Output JSON (Structured Text & Coordinates)

Authentication

The Osmanlica.com API uses API keys to authenticate requests. You must include your unique key in the headers of every request you make to the API.

1. Get an API Key

You can create and manage your API keys in the Console. We recommend creating separate keys for development and production environments.

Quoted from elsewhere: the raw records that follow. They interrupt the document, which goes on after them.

(* Let $P$, $P'$ and $Q$ be transition matrices on the finite set $S$, all reversible with respect to $\pi$, with $P$ and $P'$ irreducible, and let $0<a<1$. Then $P'$ efficiency-dominates $P$ if and only if $aP'+(1-a)Q$ efficiency-dominates $aP+(1-a)Q$.
   Context: $S$ is a finite set, and $\pi$ is a probability distribution on $S$ with $\pi(x)>0$ for all $x$. A transition matrix $P$ is reversible with respect to $\pi$ if $\pi(x)P(x,y)=\pi(y)P(y,x)$ for all $x,y$; irreducible if every state can be reached from every other with positive probability in some number of steps. For a Markov chain $X_1,X_2,\dots$ with transition matrix $P$ and $X_1\sim\pi$, $v(f,P)=\lim_{N\to\infty}\frac1N\mathrm{Var}\big(\sum_{i=1}^N f(X_i)\big)$. $P$ efficiency-dominates $Q$ if $v(f,P)\le v(f,Q)$ for all $f:S\to\mathbb R$. *)

theory Defs
  imports Complex_Main
begin

definition prob_dist :: "('a::finite \<Rightarrow> real) \<Rightarrow> bool" where
  "prob_dist \<pi> \<longleftrightarrow> (\<forall>x. \<pi> x > 0) \<and> (\<Sum>x\<in>UNIV. \<pi> x) = 1"

definition transition_matrix :: "('a::finite \<Rightarrow> 'a \<Rightarrow> real) \<Rightarrow> bool" where
  "transition_matrix P \<longleftrightarrow> (\<forall>x y. 0 \<le> P x y) \<and> (\<forall>x. (\<Sum>y\<in>UNIV. P x y) = 1)"

definition reversible :: "('a::finite \<Rightarrow> real) \<Rightarrow> ('a \<Rightarrow> 'a \<Rightarrow> real) \<Rightarrow> bool" where
  "reversible \<pi> P \<longleftrightarrow> (\<forall>x y. \<pi> x * P x y = \<pi> y * P y x)"

fun mat_pow :: "('a::finite \<Rightarrow> 'a \<Rightarrow> real) \<Rightarrow> nat \<Rightarrow> 'a \<Rightarrow> 'a \<Rightarrow> real" where
  "mat_pow P 0 x y = (if x = y then 1 else 0)"
| "mat_pow P (Suc n) x y = (\<Sum>z\<in>UNIV. mat_pow P n x z * P z y)"

definition irreducible_chain :: "('a::finite \<Rightarrow> 'a \<Rightarrow> real) \<Rightarrow> bool" where
  "irreducible_chain P \<longleftrightarrow> (\<forall>x y. \<exists>n. mat_pow P n x y > 0)"

fun chain_weight :: "('a \<Rightarrow> 'a \<Rightarrow> real) \<Rightarrow> 'a \<Rightarrow> 'a list \<Rightarrow> real" where
  "chain_weight P x [] = 1"
| "chain_weight P x (y # ys) = P x y * chain_weight P y ys"

fun path_prob :: "('a \<Rightarrow> real) \<Rightarrow> ('a \<Rightarrow> 'a \<Rightarrow> real) \<Rightarrow> 'a list \<Rightarrow> real" where
  "path_prob \<pi> P [] = 1"
| "path_prob \<pi> P (x # xs) = \<pi> x * chain_weight P x xs"

definition path_expect ::
  "('a::finite \<Rightarrow> real) \<Rightarrow> ('a \<Rightarrow> 'a \<Rightarrow> real) \<Rightarrow> nat \<Rightarrow> ('a list \<Rightarrow> real) \<Rightarrow> real" where
  "path_expect \<pi> P N g = (\<Sum>xs\<in>{xs. length xs = N}. path_prob \<pi> P xs * g xs)"

definition sum_variance ::
  "('a::finite \<Rightarrow> real) \<Rightarrow> ('a \<Rightarrow> 'a \<Rightarrow> real) \<Rightarrow> ('a \<Rightarrow> real) \<Rightarrow> nat \<Rightarrow> real" where
  "sum_variance \<pi> P f N =
     path_expect \<pi> P N (\<lambda>xs. (sum_list (map f xs))^2)
     - (path_expect \<pi> P N (\<lambda>xs. sum_list (map f xs)))^2"

definition asym_var ::
  "('a::finite \<Rightarrow> real) \<Rightarrow> ('a \<Rightarrow> 'a \<Rightarrow> real) \<Rightarrow> ('a \<Rightarrow> real) \<Rightarrow> real" where
  "asym_var \<pi> P f = lim (\<lambda>N. sum_variance \<pi> P f N / real N)"

definition efficiency_dominates ::
  "('a::finite \<Rightarrow> real) \<Rightarrow> ('a \<Rightarrow> 'a \<Rightarrow> real) \<Rightarrow> ('a \<Rightarrow> 'a \<Rightarrow> real) \<Rightarrow> bool" where
  "efficiency_dominates \<pi> P Q \<longleftrightarrow> (\<forall>f. asym_var \<pi> P f \<le> asym_var \<pi> Q f)"

end

theory Submission
  imports Defs "HOL-Analysis.Analysis"
begin

text \<open>Let \<open>E\<^sub>P(h) = \<langle>h, h - P h\<rangle>\<^sub>\<pi>\<close> be the Dirichlet form of a \<open>\<pi>\<close>-reversible kernel \<open>P\<close>.
  If \<open>g\<close> solves the Poisson equation \<open>g - P g = f - \<pi>(f)\<close>, the autocovariances of \<open>f\<close> along the
  stationary chain are second differences of \<open>k \<mapsto> \<langle>g, P\<^sup>k g\<rangle>\<^sub>\<pi>\<close>; the double sum telescopes and gives
  \<open>v(f, P) = 2 E\<^sub>P(g) - \<parallel>f - \<pi>(f)\<parallel>\<^sup>2\<close>. Moreover \<open>E\<^sub>P(g) = max\<^sub>h (2 \<langle>f - \<pi>(f), h\<rangle> - E\<^sub>P(h))\<close>, so
  \<open>P'\<close> efficiency-dominates \<open>P\<close> iff \<open>E\<^sub>P \<le> E\<^bsub>P'\<^esub>\<close> pointwise. The Dirichlet form is affine in the
  kernel, so mixing both kernels with the same \<open>Q\<close> at weight \<open>a > 0\<close> neither creates nor destroys
  this ordering. Irreducibility, which survives the mixing in the form "zero Dirichlet form
  only for constants", is what makes the Poisson equation solvable.\<close>

lemma prob_dist_pos: "prob_dist \<pi> \<Longrightarrow> 0 < \<pi> x"
  by (simp add: prob_dist_def)

lemma prob_dist_nonneg: "prob_dist \<pi> \<Longrightarrow> 0 \<le> \<pi> x"
  by (simp add: prob_dist_def less_imp_le)

lemma sum_pi_centred:
  assumes "prob_dist \<pi>"
  shows "(\<Sum>x\<in>UNIV. \<pi> x * (f x - (\<Sum>x\<in>UNIV. \<pi> x * f x))) = 0"
  using assms by (simp add: prob_dist_def right_diff_distrib sum_subtractf sum_distrib_right[symmetric])

section \<open>Markov operator and Dirichlet form\<close>

definition markov_op :: "('a::finite \<Rightarrow> 'a \<Rightarrow> real) \<Rightarrow> ('a \<Rightarrow> real) \<Rightarrow> 'a \<Rightarrow> real" where
  "markov_op P h x = (\<Sum>y\<in>UNIV. P x y * h y)"

definition pi_inner :: "('a::finite \<Rightarrow> real) \<Rightarrow> ('a \<Rightarrow> real) \<Rightarrow> ('a \<Rightarrow> real) \<Rightarrow> real" where
  "pi_inner \<pi> u w = (\<Sum>x\<in>UNIV. \<pi> x * u x * w x)"

definition dirichlet_form :: "('a::finite \<Rightarrow> real) \<Rightarrow> ('a \<Rightarrow> 'a \<Rightarrow> real) \<Rightarrow> ('a \<Rightarrow> real) \<Rightarrow> real" where
  "dirichlet_form \<pi> P h = pi_inner \<pi> h (\<lambda>x. h x - markov_op P h x)"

2. Pass the Key in Headers

Pass your key using the Authorization header with the Api-Key prefix.

Example Request

curl -X POST https://api.osmanlica.com/health \
              -H "Authorization: Api-Key YOUR_API_KEY_HERE" \
              -H "Content-Type: application/json" \
              -d '{"image_base64": "..."}'

Security Best Practice

Your API key carries many privileges, so be sure to keep it secure! Do not share your secret API keys in publicly accessible areas such as GitHub, client-side code, or front-end JavaScript.

1. Segmentation API

The foundation of accurate OCR lies in precise document layout analysis. The Segmentation API decomposes complex historical documents into their constituent structural elements.

Powered by Deep Learning

Historical Ottoman documents often feature irregular layouts, marginalia, and tight line spacing that confuse standard OCR engines. Our segmentation models have been trained on a proprietary dataset of thousands of verified Ottoman documents.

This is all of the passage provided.